Tuesday, November 17, 2015

Harr Harr!

Here's today's development screenshot of Astromech: (from the virtual DSP desk.)

An image that will give your PNG decompressor conniptions, no doubt. The middle screen-full of leafy trees is a live webcam feed from out my window. The pink lines all across it are because it's a shitty webcam that cost $6 off ebay.

The left-hand screen is a 256x256 real-time Fast-Fourier Transform of the webcam luminance. That's not big news, Astromech has always done that. Its first trick.

The right-hand screen is the new thing for today. It's a 512x512 "H-Transform" which likely originally stands for "Two-Dimensional Harr Transform". I also call it the "Hubble Transform", because it's the basis of the compression format the Hubble data team invented in order to distribute 600Gb of their pretty pictures.

The full text I'm following here is Tiled Image Convention for Storing Compressed Images in FITS Binary Tables  published by NASA.

Don't let that NASA appellation fool you into thinking there's anything hard about the H-Transform. Compared to the FFT or Cosine Transform or Huffman coding it's very, very simple. And the best thing about the H-Transform is that it's parallelizable on WebGL. (as you can see.)

That's how I'm doing this in real time, (about 12 frames per second I'd guess, limited by webcam speed) in my browser, and my CPU usage is 20%.

Why the H-Transform?
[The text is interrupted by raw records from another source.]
theorem lemmaA5:
  fixes x y :: "int ^ 'n" and l :: 'n and c :: real and m :: int
  assumes "CARD('n) \<ge> 2"
    and "real_of_int (x $ l) \<ge> c"
    and "real_of_int (y $ l) > c"
    and "m \<ge> 1000"
    and "l1norm (x - y) \<le> m"
  shows "\<exists>ystar :: int ^ 'n. \<exists>K :: nat. \<exists>v :: nat \<Rightarrow> int ^ 'n. \<exists>a :: nat \<Rightarrow> int.
           real_of_int (ystar $ l) > c \<and> linfnorm (y - ystar) \<le> 1 \<and>
           K \<le> 1609 + 104 ^ (CARD('n) - 1) \<and>
           (\<forall>k\<in>{1..K}. v k \<in> Vset) \<and>
           (\<forall>k\<in>{1..K}.
              real_of_int m / 1000 \<le> real_of_int \<bar>a k\<bar> \<and>
              real_of_int \<bar>a k\<bar> \<le> real_of_int m / 10 \<and>
              linfnorm (x + (\<Sum>i=1..k. a i *s v i) - y) \<le> 2 * m \<and>
              real_of_int ((x + (\<Sum>i=1..k. a i *s v i)) $ l) > c) \<and>
           ystar - x = (\<Sum>i=1..K. a i *s v i)"
proof -
  obtain ys ss where ys: "c < real_of_int (ys $ l)" "linfnorm (y - ys) \<le> 1"
    and length: "length ss \<le> 7 * CARD('n)"
    and steps: "\<forall>(a, v)\<in>set ss. v \<in> Vset \<and>
       real_of_int m / 1000 \<le> real_of_int \<bar>a\<bar> \<and> real_of_int \<bar>a\<bar> \<le> real_of_int m / 10"
    and points: "\<forall>p\<in>walk_points x ss. linfnorm (p - y) \<le> 2 * m \<and> c < real_of_int (p $ l)"
    and ends: "x + walk_sum ss = ys"
    using lattice_walk_exists[OF assms(2-5)] .
  define a where "a k = fst (ss ! (k - 1))" for k
  define v where "v k = snd (ss ! (k - 1))" for k
  have partial: "(\<Sum>i=1..k. a i *s v i) = walk_sum (take k ss)" if "k \<le> length ss" for k
    unfolding a_def v_def using walk_sum_take_eq_indexed_sum[OF that] by simp
  have "(a k, v k) \<in> set ss" "x + (\<Sum>i=1..k. a i *s v i) \<in> walk_points x ss"
    if "k \<in> {1..length ss}" for k
    using that partial unfolding a_def v_def walk_points_def by auto
  moreover have "length ss \<le> 1609 + 104 ^ (CARD('n) - 1)"
    using length seven_mult_le_1609_plus_104_power[of "CARD('n) - 1"] by simp
  moreover have "ys - x = (\<Sum>i=1..length ss. a i *s v i)"
    using ends partial by auto
  ultimately show ?thesis
    using ys steps points by (intro exI[of _ ys] exI[of _ "length ss"] exI[of _ v] exI[of _ a]) fastforce
qed

end
lemma prob_output_sqrt_pmf:
  assumes "finite \<Gamma>" and "set_pmf D \<subseteq> adv_strings \<Gamma> (length x)"
  shows "prob_output M \<Gamma> x (\<lambda>y. of_real (sqrt (pmf D y))) b
       = measure_pmf.expectation D (\<lambda>y. prob_output M \<Gamma> x (basis_adv y) b)"
  using assms
  by (subst prob_output_superposition) (simp_all add: expectation_prob_output_basis_adv)

definition qadvice_pmf :: "(nat list \<Rightarrow> complex) \<Rightarrow> nat list pmf" where
  "qadvice_pmf \<phi> = embed_pmf (\<lambda>y. (cmod (\<phi> y))\<^sup>2)"

lemma pmf_qadvice_pmf:
  assumes "finite \<Gamma>" and \<phi>: "qadvice \<Gamma> n \<phi>"
  shows "pmf (qadvice_pmf \<phi>) y = (cmod (\<phi> y))\<^sup>2"
  unfolding qadvice_pmf_def
proof (rule pmf_embed_pmf)
  have "(\<integral>\<^sup>+y. ennreal ((cmod (\<phi> y))\<^sup>2) \<partial>count_space UNIV)
      = (\<Sum>y\<in>adv_strings \<Gamma> n. ennreal ((cmod (\<phi> y))\<^sup>2))"
    using \<phi> by (intro nn_integral_count_space'[OF finite_adv_strings[OF assms(1)]])
      (auto simp: qadvice_def)
  also have "\<dots> = 1"
    using \<phi> by (simp add: sum_ennreal qadvice_def)
  finally show "(\<integral>\<^sup>+y. ennreal ((cmod (\<phi> y))\<^sup>2) \<partial>count_space UNIV) = 1" .
qed simp

lemma set_pmf_qadvice_pmf:
  assumes "finite \<Gamma>" and "qadvice \<Gamma> n \<phi>"
  shows "set_pmf (qadvice_pmf \<phi>) \<subseteq> adv_strings \<Gamma> n"
  using assms by (auto simp: set_pmf_iff pmf_qadvice_pmf[OF assms] qadvice_def)

lemma expectation_qadvice_pmf:
  assumes "finite \<Gamma>" and "qadvice \<Gamma> (length x) \<phi>"
  shows "measure_pmf.expectation (qadvice_pmf \<phi>) (\<lambda>y. prob_output M \<Gamma> x (basis_adv y) b)
       = prob_output M \<Gamma> x \<phi> b"
  using assms
  by (subst prob_output_superposition)
    (simp_all add: expectation_prob_output_basis_adv set_pmf_qadvice_pmf pmf_qadvice_pmf)

lemma quantum_advice_if_in_1QFA_Rn:
  assumes "in_1QFA_Rn (L :: 'a list set)"
  shows "\<exists>(M :: 'a qfa) \<Gamma> (\<Phi> :: nat \<Rightarrow> nat list \<Rightarrow> complex) \<epsilon>.
       finite \<Gamma> \<and> is_1qfa M \<Gamma> \<and> (\<forall>n. qadvice \<Gamma> n (\<Phi> n))
       \<and> 0 \<le> \<epsilon> \<and> \<epsilon> < 1/2
       \<and> (\<forall>x. prob_output M \<Gamma> x (\<Phi> (length x)) (x \<in> L) \<ge> 1 - \<epsilon>)"
proof -
  obtain M :: "'a qfa" and \<Gamma> \<epsilon> D where
    \<Gamma>: "finite \<Gamma>" and "is_1qfa M \<Gamma>" "0 \<le> \<epsilon>" "\<epsilon> < 1/2"
    and D: "\<And>n. set_pmf (D n) \<subseteq> adv_strings \<Gamma> n"
    and correct: "\<And>x. measure_pmf.expectation (D (length x))
              (\<lambda>y. prob_output M \<Gamma> x (basis_adv y) (x \<in> L)) \<ge> 1 - \<epsilon>"
    using assms unfolding in_1QFA_Rn_def by blast
  define \<Phi> where "\<Phi> n = (\<lambda>y. of_real (sqrt (pmf (D n) y)) :: complex)" for n
  have "prob_output M \<Gamma> x (\<Phi> (length x)) (x \<in> L) \<ge> 1 - \<epsilon>" for x
    using correct[of x] by (simp add: \<Phi>_def prob_output_sqrt_pmf[OF \<Gamma> D])
  moreover have "qadvice \<Gamma> n (\<Phi> n)" for n
    unfolding \<Phi>_def using \<Gamma> D by (rule qadvice_sqrt_pmf)
  ultimately show ?thesis
    using \<Gamma> \<open>is_1qfa M \<Gamma>\<close> \<open>0 \<le> \<epsilon>\<close> \<open>\<epsilon> < 1/2\<close> by blast
qed

lemma in_1QFA_Rn_if_quantum_advice:
  assumes \<Gamma>: "finite \<Gamma>" and "is_1qfa M \<Gamma>" and \<Phi>: "\<And>n. qadvice \<Gamma> n (\<Phi> n)"
    and "0 \<le> \<epsilon>" "\<epsilon> < 1/2"
    and correct: "\<And>x. prob_output M \<Gamma> x (\<Phi> (length x)) (x \<in> L) \<ge> 1 - \<epsilon>"
  shows "in_1QFA_Rn L"
proof -
  have "measure_pmf.expectation (qadvice_pmf (\<Phi> (length x)))
      (\<lambda>y. prob_output M \<Gamma> x (basis_adv y) (x \<in> L)) \<ge> 1 - \<epsilon>" for x
    using correct[of x] by (simp add: expectation_qadvice_pmf[OF \<Gamma> \<Phi>])
  moreover have "set_pmf (qadvice_pmf (\<Phi> n)) \<subseteq> adv_strings \<Gamma> n" for n
    using \<Gamma> \<Phi> by (rule set_pmf_qadvice_pmf)
  ultimately show ?thesis
    unfolding in_1QFA_Rn_def using assms
    by (intro exI[of _ M] exI[of _ \<Gamma>] exI[of _ \<epsilon>] exI[of _ "\<lambda>n. qadvice_pmf (\<Phi> n)"]) simp
qed

theorem proposition5p4:
  fixes L :: "'a::finite list set"
  shows "in_1QFA_Rn L \<longleftrightarrow>
    (\<exists>(M :: 'a qfa) \<Gamma> (\<Phi> :: nat \<Rightarrow> nat list \<Rightarrow> complex) \<epsilon>.
       finite \<Gamma> \<and> is_1qfa M \<Gamma> \<and> (\<forall>n. qadvice \<Gamma> n (\<Phi> n))
       \<and> 0 \<le> \<epsilon> \<and> \<epsilon> < 1/2
       \<and> (\<forall>x. prob_output M \<Gamma> x (\<Phi> (length x)) (x \<in> L) \<ge> 1 - \<epsilon>))"
  using quantum_advice_if_in_1QFA_Rn in_1QFA_Rn_if_quantum_advice by metis

end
Why not just use something browser-supplied like h264, or V8 or a stream of JPEG/PNG images? (MJPEG!) which is built into most modern browsers? Well, in a nutshell, because nice as they are, they're not "scientific".

There a really big difference between a compressor that optimizes for the human perceptual system, and a compressor that tries to preserve the scientific integrity of the source data. The H-Transform is the second type.

Similar to a 'MIPMap', the H-Transform encodes a pyramid of lower-resolution (but higher entropy)
versions of the source image into the lower-left corner, like a fractal.
The larger 'residual' areas become easier to compress.

That's why NASA trusts data that has been stored in that format. It has certain very nice mathematical properties. It's a 'lossless' compressor, but one with a tuneable 'noise floor'. If that seems a contradiction, welcome to the magic of the quantized H-transform, where 60:1 compression ratios are possible.

There's a couple of stages to go before that image on the right is turned into a FITS file, but the hard part is done and the rest is just shuffling bits around. Well, assuming the browser will let me save a stream of data to a file. That's really tricky, it seems.

Update: 22/Nov

The whole thing provably works now, since I've also implemented the inverse H-transform. (there were a few bugs)

The inverse of the transformed cat is also a cat. Well, you'd expect that, surely?
Basically in this example, the middle webcam image is encoded into the right-hand image (which looks fractal yet empty - that's the H- transform) and then that is run through the Inverse transform (a separate bit of code that does everything in a different order, using the big mostly-empty texture) to go in the left-hand window.

It's almost too easy.

And so the fact that the two left images look boringly identical is a good thing, given the (poor quality to begin with) data has been mangled twice in between by me. Cat sitting on warm computer staring at cursor. It's a common test case around here.


  1. Awesome! Very leafy lossless images, and I'm guessing it runs fast! :)

  2. Indeed - probably 60fps if I had a camera that put that much data out. And it even works properly now! I just wrote the Inverse transform to match, and that worked out all the bugs. Now I can round-trip an image and not be able to tell the difference from the original. That's the prerequisite before quantizing the shit out of it to push the compression ratios. Plus it's always good to be able to read what you wrote.